Rules Working Group proposal 13-3 regarding communications with prospects was overridden last month. The RWG recommended to the board that it suspend two other proposals regarding liberalized recruiting and printed materials. In January, the board adopted 25 recruiting deregulations by the RWG. They cut 25 pages from the NCAA's complex manual as part of Emmert's reform agenda.
Critics are concerned that parts of the RWG's recruiting deregulations would create an “arms race” in recruiting. However, eliminating phone restrictions were seen as a common-sense approach given modern technology. If a recruit doesn't want to answer a phone call or text, he/she can simply ignore it.
The NCAA pointed out in an earlier release that football coaches are already allowed unlimited phone contact during the fall contact period. The release stated, “given this, the practical impact of RWG-13-3 will be to permit unlimited calls for only a few additional months.”
Coaches couldn’t plead ignorance to the 25 proposals that were put forth in February. The language of the new rules was available at any point. The proposals were developed from a group that includes the Big 12 commissioner (Bob Bowlsby), Clemson president (Jim Barker) and SEC associate commissioner (Greg Sankey). The Big Ten coaches and ADs protested the changes, but their own associate commissioner for compliance (Chad Hawley) was on the Rules Working Group (RWG).
“It shouldn’t have been a surprise,” Emmert told reporters afterward, “but in some cases it was.”
At least 75 Division I members had to weigh in by March 20 to force an override vote of the legislation. Emmert blamed football coaches for the pushback saying, “it’s insane.”
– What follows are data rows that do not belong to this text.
lemma determining_seq_zero_imp_abs_tendsto:
  assumes "determining_seq m w (\<lambda>_. 0)"
  shows "(\<lambda>n. simple_int m (\<lambda>x. \<bar>w n x\<bar>)) \<longlonglongrightarrow> 0"
proof (rule LIMSEQ_I)
  fix e :: real assume e: "0 < e"
  have fin: "\<And>n. finite (range (w n))"
    and meas: "\<And>\<epsilon>. \<epsilon> > 0 \<Longrightarrow> (\<lambda>n. m {x. \<bar>w n x\<bar> > \<epsilon>}) \<longlonglongrightarrow> 0"
    and cau: "\<And>\<epsilon>. \<epsilon> > 0 \<Longrightarrow> \<exists>N. \<forall>n\<ge>N. \<forall>k\<ge>N. simple_int m (\<lambda>x. \<bar>w n x - w k x\<bar>) < \<epsilon>"
    using assms unfolding determining_seq_def by auto
  obtain N where N: "\<forall>n\<ge>N. \<forall>k\<ge>N. simple_int m (\<lambda>x. \<bar>w n x - w k x\<bar>) < e/3"
    using cau[of "e/3"] e by auto
  obtain C where C: "C \<ge> 0" "\<forall>x. \<bar>w N x\<bar> \<le> C" using finite_range_imp_bounded[OF fin[of N]] by blast
  have "e / (3 * (C + 1)) > 0" using e C by simp
  then obtain N2 where N2: "\<forall>n\<ge>N2. norm (m {x. \<bar>w n x\<bar> > e/3} - 0) < e / (3 * (C + 1))"
    using LIMSEQ_D[OF meas[of "e/3"]] e by auto
  show "\<exists>no. \<forall>n\<ge>no. norm (simple_int m (\<lambda>x. \<bar>w n x\<bar>) - 0) < e"
  proof (intro exI allI impI)
    fix n assume n: "max N N2 \<le> n"
    define E where "E = {x. \<bar>w n x\<bar> > e/3}"
    have fr: "finite (range (\<lambda>x. \<bar>w n x - w N x\<bar>))" by (rule finite_range_map2[OF fin fin])
    have fr2: "finite (range (\<lambda>x. \<bar>w n x\<bar>))" by (rule finite_range_map[OF fin])
    have fr3: "finite (range (\<lambda>x. C * indicator E x))" by (rule finite_range_map[OF finite_range_indicator])
    have fr4: "finite (range (\<lambda>x. \<bar>w n x - w N x\<bar> + C * indicator E x))"
      by (rule finite_range_map2[OF fr fr3])
    \<comment> \<open>off \<open>E\<close>, \<open>w n\<close> is small; on \<open>E\<close>, compare with \<open>w N\<close>, which is bounded by \<open>C\<close>\<close>
    have pw: "\<bar>w n x\<bar> \<le> (\<bar>w n x - w N x\<bar> + C * indicator E x) + e/3" for x
      using C(2)[rule_format, of x] e by (cases "x \<in> E") (auto simp: E_def indicator_def)
    have "simple_int m (\<lambda>x. \<bar>w n x\<bar>) \<le> simple_int m (\<lambda>x. (\<bar>w n x - w N x\<bar> + C * indicator E x) + e/3)"
      by (rule simple_int_mono[OF fa fr2 _ pw]) (rule finite_range_map2[OF fr4 finite_range_const])
    also have "\<dots> = simple_int m (\<lambda>x. \<bar>w n x - w N x\<bar>) + C * m E + e/3"
      using simple_int_add[OF fa fr4 finite_range_const] simple_int_add[OF fa fr fr3]
        simple_int_cmult[OF fa finite_range_indicator, of C E]
        simple_int_indicator[OF fa] simple_int_const[OF fa]
      by simp
    also have "\<dots> < e/3 + C * (e / (3 * (C + 1))) + e/3"
    proof -
      have "simple_int m (\<lambda>x. \<bar>w n x - w N x\<bar>) < e/3" using N n by auto
      moreover have "m E < e / (3 * (C + 1))" using N2 n fa_prob_nonneg[OF fa, of E] by (auto simp: E_def)
      hence "C * m E \<le> C * (e / (3 * (C + 1)))" using C(1) by (intro mult_left_mono) auto
      ultimately show ?thesis by linarith
    qed
    also have "\<dots> \<le> e" using C(1) e by (simp add: field_simps)
    finally have "simple_int m (\<lambda>x. \<bar>w n x\<bar>) < e" .
    moreover have "simple_int m (\<lambda>x. \<bar>w n x\<bar>) \<ge> 0" by (rule simple_int_nonneg[OF fa fr2]) auto
    ultimately show "norm (simple_int m (\<lambda>x. \<bar>w n x\<bar>) - 0) < e" by simp
  qed
qed

lemma determining_seq_excess:
  assumes s: "determining_seq m s g" and t: "determining_seq m t h" and le: "\<And>x. g x \<le> h x"
  shows "determining_seq m (\<lambda>n x. max (s n x - t n x) 0) (\<lambda>_. 0)"
proof -
  have sf: "\<And>n. finite (range (s n))"
    and sm: "\<And>\<epsilon>. \<epsilon>>0 \<Longrightarrow> (\<lambda>n. m {x. \<bar>s n x - g x\<bar> > \<epsilon>}) \<longlonglongrightarrow> 0"
    and sc: "\<And>\<epsilon>. \<epsilon>>0 \<Longrightarrow> \<exists>N. \<forall>n\<ge>N. \<forall>k\<ge>N. simple_int m (\<lambda>x. \<bar>s n x - s k x\<bar>) < \<epsilon>"
    using s unfolding determining_seq_def by blast+
  have tf: "\<And>n. finite (range (t n))"
    and tm: "\<And>\<epsilon>. \<epsilon>>0 \<Longrightarrow> (\<lambda>n. m {x. \<bar>t n x - h x\<bar> > \<epsilon>}) \<longlonglongrightarrow> 0"
    and tc: "\<And>\<epsilon>. \<epsilon>>0 \<Longrightarrow> \<exists>N. \<forall>n\<ge>N. \<forall>k\<ge>N. simple_int m (\<lambda>x. \<bar>t n x - t k x\<bar>) < \<epsilon>"
    using t unfolding determining_seq_def by blast+
  define w where "w n x = max (s n x - t n x) 0" for n x
  have wf: "finite (range (w n))" for n
    unfolding w_def by (rule finite_range_map2[OF sf tf])
  have wm: "(\<lambda>n. m {x. \<bar>w n x - 0\<bar> > \<epsilon>}) \<longlonglongrightarrow> 0" if e: "\<epsilon> > 0" for \<epsilon>
  proof (rule fa_prob_tendsto_zero_le[OF fa])
    have "{x. \<bar>w n x - 0\<bar> > \<epsilon>} \<subseteq> {x. \<bar>s n x - g x\<bar> > \<epsilon>/2} \<union> {x. \<bar>t n x - h x\<bar> > \<epsilon>/2}" for n
    proof
      fix x assume "x \<in> {x. \<bar>w n x - 0\<bar> > \<epsilon>}"
      hence "s n x - t n x > \<epsilon>" using e by (auto simp: w_def max_def split: if_splits)
      thus "x \<in> {x. \<bar>s n x - g x\<bar> > \<epsilon>/2} \<union> {x. \<bar>t n x - h x\<bar> > \<epsilon>/2}"
        using le[of x] by (auto simp: abs_if split: if_splits)
    qed
    hence "m {x. \<bar>w n x - 0\<bar> > \<epsilon>} \<le> m {x. \<bar>s n x - g x\<bar> > \<epsilon>/2} + m {x. \<bar>t n x - h x\<bar> > \<epsilon>/2}" for n
      by (rule order_trans[OF fa_prob_mono[OF fa] fa_prob_subadditive[OF fa]])
    thus "\<forall>\<^sub>F n in sequentially. m {x. \<bar>w n x - 0\<bar> > \<epsilon>} \<le> m {x. \<bar>s n x - g x\<bar> > \<epsilon>/2} + m {x. \<bar>t n x - h x\<bar> > \<epsilon>/2}"
      by simp
    show "(\<lambda>n. m {x. \<bar>s n x - g x\<bar> > \<epsilon>/2} + m {x. \<bar>t n x - h x\<bar> > \<epsilon>/2}) \<longlonglongrightarrow> 0"
      using tendsto_add[OF sm tm, of "\<epsilon>/2" "\<epsilon>/2"] e by simp
  qed
  have wc: "\<exists>N. \<forall>n\<ge>N. \<forall>k\<ge>N. simple_int m (\<lambda>x. \<bar>w n x - w k x\<bar>) < \<epsilon>" if e: "\<epsilon> > 0" for \<epsilon>
  proof -
    obtain N1 where N1: "\<forall>n\<ge>N1. \<forall>k\<ge>N1. simple_int m (\<lambda>x. \<bar>s n x - s k x\<bar>) < \<epsilon>/2"
      using sc[of "\<epsilon>/2"] e by auto
    obtain N2 where N2: "\<forall>n\<ge>N2. \<forall>k\<ge>N2. simple_int m (\<lambda>x. \<bar>t n x - t k x\<bar>) < \<epsilon>/2"
      using tc[of "\<epsilon>/2"] e by auto
    show ?thesis
    proof (intro exI allI impI)
      fix n k assume n: "max N1 N2 \<le> n" and k: "max N1 N2 \<le> k"
      have f1: "finite (range (\<lambda>x. \<bar>s n x - s k x\<bar>))" by (rule finite_range_map2[OF sf sf])
      have f2: "finite (range (\<lambda>x. \<bar>t n x - t k x\<bar>))" by (rule finite_range_map2[OF tf tf])
      have "simple_int m (\<lambda>x. \<bar>w n x - w k x\<bar>) \<le> simple_int m (\<lambda>x. \<bar>s n x - s k x\<bar> + \<bar>t n x - t k x\<bar>)"
        by (rule simple_int_mono[OF fa finite_range_map2[OF wf wf] finite_range_map2[OF f1 f2]])
          (simp add: w_def abs_le_iff max_def; linarith)
      also have "\<dots> < \<epsilon>"
      proof -
        have "simple_int m (\<lambda>x. \<bar>s n x - s k x\<bar>) < \<epsilon>/2" using N1 n k by auto
        moreover have "simple_int m (\<lambda>x. \<bar>t n x - t k x\<bar>) < \<epsilon>/2" using N2 n k by auto
        ultimately show ?thesis using simple_int_add[OF fa f1 f2] by linarith
      qed
      finally show "simple_int m (\<lambda>x. \<bar>w n x - w k x\<bar>) < \<epsilon>" .
    qed
  qed
  show ?thesis unfolding determining_seq_def w_def[symmetric] using wf wm wc by blast
qed

lemma ds_has_integral_mono:
  assumes g: "ds_has_integral m g I" and h: "ds_has_integral m h J" and le: "\<And>x. g x \<le> h x"
  shows "I \<le> J"
proof -
  obtain s where s: "determining_seq m s g" and sl: "(\<lambda>n. simple_int m (s n)) \<longlonglongrightarrow> I"
    using g unfolding ds_has_integral_iff by blast
  obtain t where t: "determining_seq m t h" and tl: "(\<lambda>n. simple_int m (t n)) \<longlonglongrightarrow> J"
    using h unfolding ds_has_integral_iff by blast
  have sf: "finite (range (s n))" and tf: "finite (range (t n))" for n
    using s t unfolding determining_seq_def by blast+
  define w where "w n x = max (s n x - t n x) 0" for n x
  have w0: "(\<lambda>n. simple_int m (\<lambda>x. \<bar>w n x\<bar>)) \<longlonglongrightarrow> 0"
    unfolding w_def by (rule determining_seq_zero_imp_abs_tendsto[OF determining_seq_excess[OF s t le]])
  have "simple_int m (s n) \<le> simple_int m (t n) + simple_int m (\<lambda>x. \<bar>w n x\<bar>)" for n
  proof -
    have fw: "finite (range (\<lambda>x. \<bar>w n x\<bar>))" unfolding w_def by (rule finite_range_map2[OF sf tf])
    have "simple_int m (s n) \<le> simple_int m (\<lambda>x. t n x + \<bar>w n x\<bar>)"
      by (rule simple_int_mono[OF fa sf finite_range_map2[OF tf fw]]) (auto simp: w_def)
    thus ?thesis using simple_int_add[OF fa tf fw] by simp
  qed
  moreover have "(\<lambda>n. simple_int m (t n) + simple_int m (\<lambda>x. \<bar>w n x\<bar>)) \<longlonglongrightarrow> J + 0"
    by (rule tendsto_add[OF tl w0])
  ultimately show ?thesis using LIMSEQ_le[OF sl] by fastforce
qed

lemma ds_integral_eqI: "ds_has_integral m g I \<Longrightarrow> ds_integral m g = I"
  unfolding ds_integral_def by (rule the_equality) (auto intro: antisym ds_has_integral_mono)

lemma ds_has_integral_simple: "finite (range s) \<Longrightarrow> ds_has_integral m s (simple_int m s)"
  unfolding ds_has_integral_def
  by (intro exI[of _ "\<lambda>n. s"]) (simp add: fa_prob_empty[OF fa] simple_int_const[OF fa])

lemma determining_seq_convergent:
  assumes "determining_seq m s f"
  shows "convergent (\<lambda>n. simple_int m (s n))"
proof (rule Cauchy_convergent, rule CauchyI)
  fix e :: real assume "0 < e"
  then obtain N where N: "\<forall>n\<ge>N. \<forall>k\<ge>N. simple_int m (\<lambda>x. \<bar>s n x - s k x\<bar>) < e"
    and sf: "\<And>n. finite (range (s n))"
    using assms unfolding determining_seq_def by blast
  have bound: "\<bar>simple_int m (s n) - simple_int m (s k)\<bar> \<le> simple_int m (\<lambda>x. \<bar>s n x - s k x\<bar>)" for n k
  proof -
    have fd: "finite (range (\<lambda>x. s n x - s k x))" "finite (range (\<lambda>x. s k x - s n x))"
      and fabs: "finite (range (\<lambda>x. \<bar>s n x - s k x\<bar>))"
      by (rule finite_range_map2[OF sf sf])+
    have "simple_int m (\<lambda>x. s n x - s k x) \<le> simple_int m (\<lambda>x. \<bar>s n x - s k x\<bar>)"
      by (rule simple_int_mono[OF fa fd(1) fabs]) simp
    moreover have "simple_int m (\<lambda>x. s k x - s n x) \<le> simple_int m (\<lambda>x. \<bar>s n x - s k x\<bar>)"
      by (rule simple_int_mono[OF fa fd(2) fabs]) simp
    ultimately show ?thesis
      unfolding simple_int_diff[OF fa sf sf] abs_le_iff by linarith
  qed
  show "\<exists>M. \<forall>n\<ge>M. \<forall>k\<ge>M. norm (simple_int m (s n) - simple_int m (s k)) < e"
  proof (intro exI allI impI)
    fix n k assume "N \<le> n" "N \<le> k"
    hence "simple_int m (\<lambda>x. \<bar>s n x - s k x\<bar>) < e" using N by blast
    thus "norm (simple_int m (s n) - simple_int m (s k)) < e"
      using bound[of n k] unfolding real_norm_def by linarith
  qed
qed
The RWG was charged with deregulating a sport that had been bloated with unenforceable rules. Several coaches expressed concern over parents and recruits being overwhelmed by text and phone calls. However, similar legislation was developed in basketball with input from the National Association of Basketball Coaches. NABC executive director Jim Haney is a member of the Rules Working Group.
“The [football] coaches said, ‘No, no, no,’ Emmert said of unlimited communications with recruits. “We had just put in place a rule change exactly like that with the basketball coaches. The basketball coaches are now operating under that same rule. You don’t [have to] count text messages. You don’t [have to] count phone calls."
Other Emmert comments from Wednesday:
-- “You’d come to the conclusion that intercollegiate athletics is on its last legs, that [litigation against the NCAA] is going to destroy intercollegiate athletics … When you look at things objectively … without some sort of emotion, intercollegiate athletics has never been stronger … The reality is that the NCAA, this very weird organization, is actually performing extremely well.”
-- On why he shouldn't be thought of as a commissioner: “I have more audiences think I’m Roger Goodell or David Stern. Think about the president of the NCAA. Think of [me as] the secretary-general of the United Nations.”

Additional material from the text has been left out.